The loop unrolling itself is not so much of a problem. However, I think the control flow in the body of the loop causes path explosion. A sample loop looks something like:

    for (size_t i = 0; i < SOME_CONSTANT; i++) {
      if (some condition) {
        call_noreturn_function();
      }
    }

However loop unrolling is a secondary problem to me (I have other work arounds for the target loops). I think the real problem is the branching structure. Much of the function looks like:

    if (some condition)
      call_noreturn_function1();

    if (some other condition)
      call_noreturn_function2();

    ...

Based on a quick eyeballing, there are roughly 20 such branches in the target function. Adding up the '&&' and '||' operators used in the branch conditions, there's about 30 of these, which no doubt compounds the problem.

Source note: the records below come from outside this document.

(* Let $L$ be a countable C-lattice domain in which every element is a join of principal elements. If $L$ is sharp, then $L$ is a Dedekind lattice, i.e. every element of $L$ is principal.
   Context: A multiplicative lattice is a complete lattice $(L,\le)$ with bottom $0$ and top $1$ which is also a commutative monoid with identity $1$ such that $a(\bigvee_\alpha b_\alpha)=\bigvee_\alpha(ab_\alpha)$ for all $a,b_\alpha\in L$. For $x,y\in L$, $(y:x)=\bigvee\{a\in L: ax\le y\}$. An element $c$ is compact if $c\le\bigvee S$ implies $c\le\bigvee T$ for some finite $T\subseteq S$. A C-lattice is a multiplicative lattice in which $1$ is compact, the product of two compact elements is compact, and every element is a join of compact elements. A proper element $p\ne1$ is prime if $xy\le p$ implies $x\le p$ or $y\le p$; $L$ is a domain if $0$ is prime. An element $x$ is principal if $y\wedge zx=((y:x)\wedge z)x$ and $y\vee(z:x)=((yx\vee z):x)$ for all $y,z\in L$. $L$ is sharp if whenever $a_1a_2\le b$ with $a_1,a_2,b\in L$, there exist $b_1,b_2\in L$ with $a_i\le b_i$ ($i=1,2$) and $b=b_1b_2$. *)

theory Defs
  imports Main "HOL-Library.Countable_Set"
begin

definition mult_lattice :: "('a::complete_lattice \<Rightarrow> 'a \<Rightarrow> 'a) \<Rightarrow> bool" where
  "mult_lattice m \<longleftrightarrow>
     (\<forall>a b c. m (m a b) c = m a (m b c)) \<and>
     (\<forall>a b. m a b = m b a) \<and>
     (\<forall>a. m a top = a) \<and>
     (\<forall>a B. m a (Sup B) = Sup (m a ` B))"

definition ml_res :: "('a::complete_lattice \<Rightarrow> 'a \<Rightarrow> 'a) \<Rightarrow> 'a \<Rightarrow> 'a \<Rightarrow> 'a" where
  "ml_res m y x = Sup {a. m a x \<le> y}"
(* Let $p$ be an odd prime and $k\ge1$. Then $\mathcal{N}_{p^k}$ is a grounded tree with root $0$ and $p^{k-1}$ vertices, described as follows. (i) The vertices other than $0$ that have an edge to $0$ are exactly the residues $x=y\,p^\ell$ with $\lceil k/2\rceil\le \ell<k$, $1\le y\le p^{k-\ell}$ and $\gcd(y,p)=1$. (ii) For every nonzero $x\in\mathcal{N}_{p^k}$, write $x=\tilde x\,p^\ell$ with $1\le\ell<k$ and $\gcd(\tilde x,p)=1$, and let $\hat x\in\{1,\dots,p-1\}$ be $\tilde x\bmod p$. Then the in-tree of $x$ is isomorphic, as a rooted tree with root $x$, to $\mathcal{T}_p(\hat x,\ell)$. In particular, the subtree hanging off $0$ at the in-neighbour $y\,p^\ell$ from (i) is $\mathcal{T}_p(y \bmod p,\ \ell)$.
   Context: $\mathcal{G}_{n}$ is the directed graph on $\{0,\dots,n-1\}$ with an edge $x\to x^2\bmod n$ for each $x$. $\mathcal{N}_{p^k}$ is the subgraph of $\mathcal{G}_{p^k}$ induced on the multiples of $p$ (the nilpotent residues). A grounded tree is a finite directed graph with all out-degrees one, a root carrying a loop, which is a tree after deleting the loop and in which every vertex has a directed path to the root. For a non-periodic vertex $x$, the in-tree of $x$ is the subgraph induced on all vertices $y$ with $f^j(y)=x$ for some $j\ge0$, where $f(y)=y^2\bmod p^k$. It is a rooted tree with root $x$ and edges directed toward the root. For $a\in\{1,\dots,p-1\}$ and $\ell\ge1$, the rooted tree $\mathcal{T}_p(a,\ell)$ (edges directed toward the root) is defined recursively on $\ell$: (1) if $\ell$ is odd, $\mathcal{T}_p(a,\ell)$ is a single vertex; (2) if $\ell$ is even and $a$ is not a square mod $p$, $\mathcal{T}_p(a,\ell)$ is a single vertex; (3) if $\ell$ is even and $a\equiv z_1^2\equiv z_2^2\pmod p$ with $z_1\neq z_2$ in $\{1,\dots,p-1\}$, then $\mathcal{T}_p(a,\ell)$ is a root with exactly $2p^{\ell/2}$ children. The subtrees rooted at $p^{\ell/2}$ of these children are copies of $\mathcal{T}_p(z_1,\ell/2)$, and the subtrees rooted at the other $p^{\ell/2}$ children are copies of $\mathcal{T}_p(z_2,\ell/2)$. *)

theory Defs
  imports Main "HOL-Library.Multiset" "HOL-Number_Theory.Number_Theory"
begin

text \<open>Unordered rooted trees: a node together with the multiset of its child subtrees.
  Equality of such values is exactly isomorphism of rooted trees.\<close>
datatype rtree = Node "rtree multiset"

definition sqmap :: "nat \<Rightarrow> nat \<Rightarrow> nat" where
  "sqmap n x = x^2 mod n"

definition nil_verts :: "nat \<Rightarrow> nat \<Rightarrow> nat set" where
  "nil_verts p k = {x. x < p^k \<and> p dvd x}"
lemma (in prob_space) order_cost_lower_bound:
  fixes f :: "real \<Rightarrow> real"
  assumes adm: "admissible M w (Suc n) pol" and indep: "indep_vars (\<lambda>_. borel) w {..n}"
    and int_w: "\<And>k. k < n \<Longrightarrow> integrable M (w k)" and c: "c \<in> rv_support M (w n)"
    and f: "convex_on UNIV f" "mono f" "f 0 = 0" "0 < f 1" "\<And>x. 0 \<le> f x"
  shows "ennreal (Suc n * f ((c + (\<Sum>k<n. expectation (w k))) / Suc n))
           \<le> (\<Sum>k\<le>n. \<integral>\<^sup>+\<omega>. f (order_qty pol w k \<omega>) \<partial>M)"
proof -
  have u_meas: "order_qty pol w k \<in> borel_measurable M" if "k \<le> n" for k
    using that adm indep
    by (intro order_qty_measurable) (auto simp: admissible_def is_policy_def indep_vars_def)
  have f_meas: "f \<in> borel_measurable borel"
    using f(2) by (rule borel_measurable_mono)
  show ?thesis
  proof (cases "\<forall>k\<le>n. integrable M (\<lambda>\<omega>. f (order_qty pol w k \<omega>))")
    case True
    have u_nonneg: "AE \<omega> in M. 0 \<le> order_qty pol w k \<omega>" if "k \<le> n" for k
      using that by (intro admissible_AE_order_qty_nonneg[OF adm]) auto
    have "convex_on {0..} f"
      using f(1) by (rule convex_on_subset) (auto simp: convex_real_interval)
    then have int_u: "integrable M (order_qty pol w k)" if "k \<le> n" for k
    proof (rule integrable_if_convex_comp_integrable[OF _ f(3,4)])
      show "0 \<le> f x" for x
        by (rule f(5))
    qed (use that True in \<open>auto intro: u_meas u_nonneg\<close>)
    have "card {..n} * f ((c + (\<Sum>k<n. expectation (w k))) / card {..n})
          \<le> (\<Sum>k\<le>n. f (expectation (order_qty pol w k)))"
      by (rule sum_convex_mono_ge_mean[OF f(1,2)])
        (use expectation_total_order_ge[OF adm indep int_w int_u c] in auto)
    also have "\<dots> \<le> (\<Sum>k\<le>n. expectation (\<lambda>\<omega>. f (order_qty pol w k \<omega>)))"
      using True int_u f(1) by (intro sum_mono jensens_inequality[where I = UNIV]) auto
    finally have "Suc n * f ((c + (\<Sum>k<n. expectation (w k))) / Suc n)
        \<le> (\<Sum>k\<le>n. expectation (\<lambda>\<omega>. f (order_qty pol w k \<omega>)))"
      by simp
    moreover have "(\<Sum>k\<le>n. \<integral>\<^sup>+\<omega>. f (order_qty pol w k \<omega>) \<partial>M)
        = ennreal (\<Sum>k\<le>n. expectation (\<lambda>\<omega>. f (order_qty pol w k \<omega>)))"
    proof -
      have "(\<Sum>k\<le>n. \<integral>\<^sup>+\<omega>. f (order_qty pol w k \<omega>) \<partial>M)
          = (\<Sum>k\<le>n. ennreal (expectation (\<lambda>\<omega>. f (order_qty pol w k \<omega>))))"
        using True f(5) by (intro sum.cong refl nn_integral_eq_integral) auto
      also have "\<dots> = ennreal (\<Sum>k\<le>n. expectation (\<lambda>\<omega>. f (order_qty pol w k \<omega>)))"
        using f(5) by (intro sum_ennreal Bochner_Integration.integral_nonneg)
      finally show ?thesis .
    qed
    ultimately show ?thesis
      by (simp add: ennreal_leI)
  next
    case False
    then obtain k where "k \<le> n" "\<not> integrable M (\<lambda>\<omega>. f (order_qty pol w k \<omega>))" by auto
    then have "\<not> (\<integral>\<^sup>+\<omega>. f (order_qty pol w k \<omega>) \<partial>M) < \<top>"
      using integrableI_nonneg[OF measurable_compose[OF u_meas f_meas]] f(5) by auto
    then have "(\<integral>\<^sup>+\<omega>. f (order_qty pol w k \<omega>) \<partial>M) = \<top>"
      by (simp add: less_top[symmetric])
    with \<open>k \<le> n\<close> have "(\<Sum>k\<le>n. \<integral>\<^sup>+\<omega>. f (order_qty pol w k \<omega>) \<partial>M) = \<top>"
      by (subst ennreal_sum_eq_top) auto
    then show ?thesis
      by (simp only: top_greatest)
  qed
qed

lemma (in prob_space) cost_lower_bound:
  fixes f :: "real \<Rightarrow> real"
  assumes adm: "admissible M w (Suc n) pol" and indep: "indep_vars (\<lambda>_. borel) w {..n}"
    and int_w: "\<And>k. k < n \<Longrightarrow> integrable M (w k)" and c: "c \<in> rv_support M (w n)"
    and f: "convex_on {0..} f" "mono_on {0..} f" "f 0 = 0" "0 < f 1" "\<And>x. 0 \<le> x \<Longrightarrow> 0 \<le> f x"
    and mean: "0 \<le> c + (\<Sum>k<n. expectation (w k))"
  shows "ennreal (Suc n * f ((c + (\<Sum>k<n. expectation (w k))) / Suc n)) \<le> cost M f w (Suc n) pol"
proof -
  define H where "H = (\<lambda>x. f (max x 0))"
  have H_convex: "convex_on UNIV H"
    unfolding H_def using f(1,2) by (rule convex_on_comp_max_zero)
  have H_mono: "mono H"
    unfolding H_def by (intro monoI mono_onD[OF f(2)]) auto
  have H_nonneg: "\<And>x. 0 \<le> H x"
    using f(5) by (simp add: H_def)
  have "cost M f w (Suc n) pol = (\<Sum>k<Suc n. \<integral>\<^sup>+\<omega>. H (order_qty pol w k \<omega>) \<partial>M)"
    unfolding cost_def
  proof (intro sum.cong refl nn_integral_cong_AE)
    fix k assume "k \<in> {..<Suc n}"
    with admissible_AE_order_qty_nonneg[OF adm]
    have "AE \<omega> in M. 0 \<le> order_qty pol w k \<omega>" by simp
    then show "AE \<omega> in M. ennreal (f (pol k (state pol w k \<omega>))) = H (order_qty pol w k \<omega>)"
      by eventually_elim (simp add: H_def order_qty_def)
  qed
  moreover have "f ((c + (\<Sum>k<n. expectation (w k))) / Suc n) = H ((c + (\<Sum>k<n. expectation (w k))) / Suc n)"
    using mean by (simp add: H_def)
  ultimately show ?thesis
    using order_cost_lower_bound[OF adm indep int_w c H_convex H_mono _ _ H_nonneg] f(3,4)
    by (simp add: H_def lessThan_Suc_atMost)
qed
(* Let $(p_n)$ be a sequence in $(0,1)$ such that $\alpha=\lim_{n\to\infty}p_n\log n$ exists with $0<\alpha<\infty$, and let $\gamma>0$. For the torn-paper channel with block length $n$ and tearing probability $p_n$, let $\mathcal Y_\gamma$ be the collection of output fragments $\vec Y_i$ whose underlying length satisfies $N_{\pi_i}\ge\gamma\log n$, and $|\mathcal Y_\gamma|$ their number. Then for any $\epsilon>0$, $$\lim_{n\to\infty}\Pr\left(\big||\mathcal Y_\gamma| - e^{-\alpha\gamma} n p_n\big|>\epsilon n p_n\right)=0.$$
   Context: Logarithms are base 2. The torn-paper channel with block length $n$ and tearing probability $p_n$: the input $X^n\in\{0,1\}^n$ is cut into consecutive fragments $\vec X_1,\dots,\vec X_K$, where $N_1,N_2,\dots$ are i.i.d. $\mathrm{Geometric}(p_n)$ (support $\{1,2,\dots\}$, mean $1/p_n$), $K$ is the smallest index with $\sum_{i=1}^K N_i\ge n$, $\vec X_i$ consists of positions $1+\sum_{j<i}N_j$ through $\sum_{j\le i}N_j$ for $i<K$, and $\vec X_K$ of positions $1+\sum_{j<K}N_j$ through $n$. Given $K$, $\pi$ is a uniformly random permutation of $\{1,\dots,K\}$ and the output is the unordered collection $\{\vec Y_1,\dots,\vec Y_K\}$ with $\vec Y_i=\vec X_{\pi_i}$. Thus $|\mathcal Y_\gamma|=\sum_{i=1}^K \mathbf 1\{N_i\ge\gamma\log n\}$. *)

theory Defs
  imports "HOL-Probability.Probability"
begin

definition geom1_pmf :: "real \<Rightarrow> nat pmf" where
  "geom1_pmf p = map_pmf Suc (geometric_pmf p)"

definition num_fragments :: "nat \<Rightarrow> (nat \<Rightarrow> nat) \<Rightarrow> nat" where
  "num_fragments n N = (LEAST k. real n \<le> (\<Sum>i=1..k. real (N i)))"

definition num_long_fragments :: "real \<Rightarrow> nat \<Rightarrow> (nat \<Rightarrow> nat) \<Rightarrow> nat" where
  "num_long_fragments \<gamma> n N =
     card {i \<in> {1..num_fragments n N}. real (N i) \<ge> \<gamma> * log 2 (real n)}"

We are certainly talking about a lot of paths here and I anticipated I would need to do some optimization, but I was surprised that (a) I can't seem to tune how early analysis terminates and (b) there is no way for my checker to observe this. Wrt (a), analysis seems to give up after ~19 calculated branches, and given this is 2**19 paths maybe this is reasonable. Wrt (b) I can't find a callback or way to observe this truncation. I guess my checker could define a destructor that validates whether it ever saw the end of the function, but this seems pretty hacky.

Given, as I mentioned, some of the properties I'm trying to check may be provable structurally, I'm going to try an AST visitor approach. Presumably this will scale far better than a path-sensitive analysis, but I was hoping I could leverage the path enumeration logic.

Hi!

I am not sure what are you planning to do based on the AST, but you might want to look into the clang CFG and the ExprSequence class in clang-tidy 1. They might prove useful for you.

Cheers,
Gabor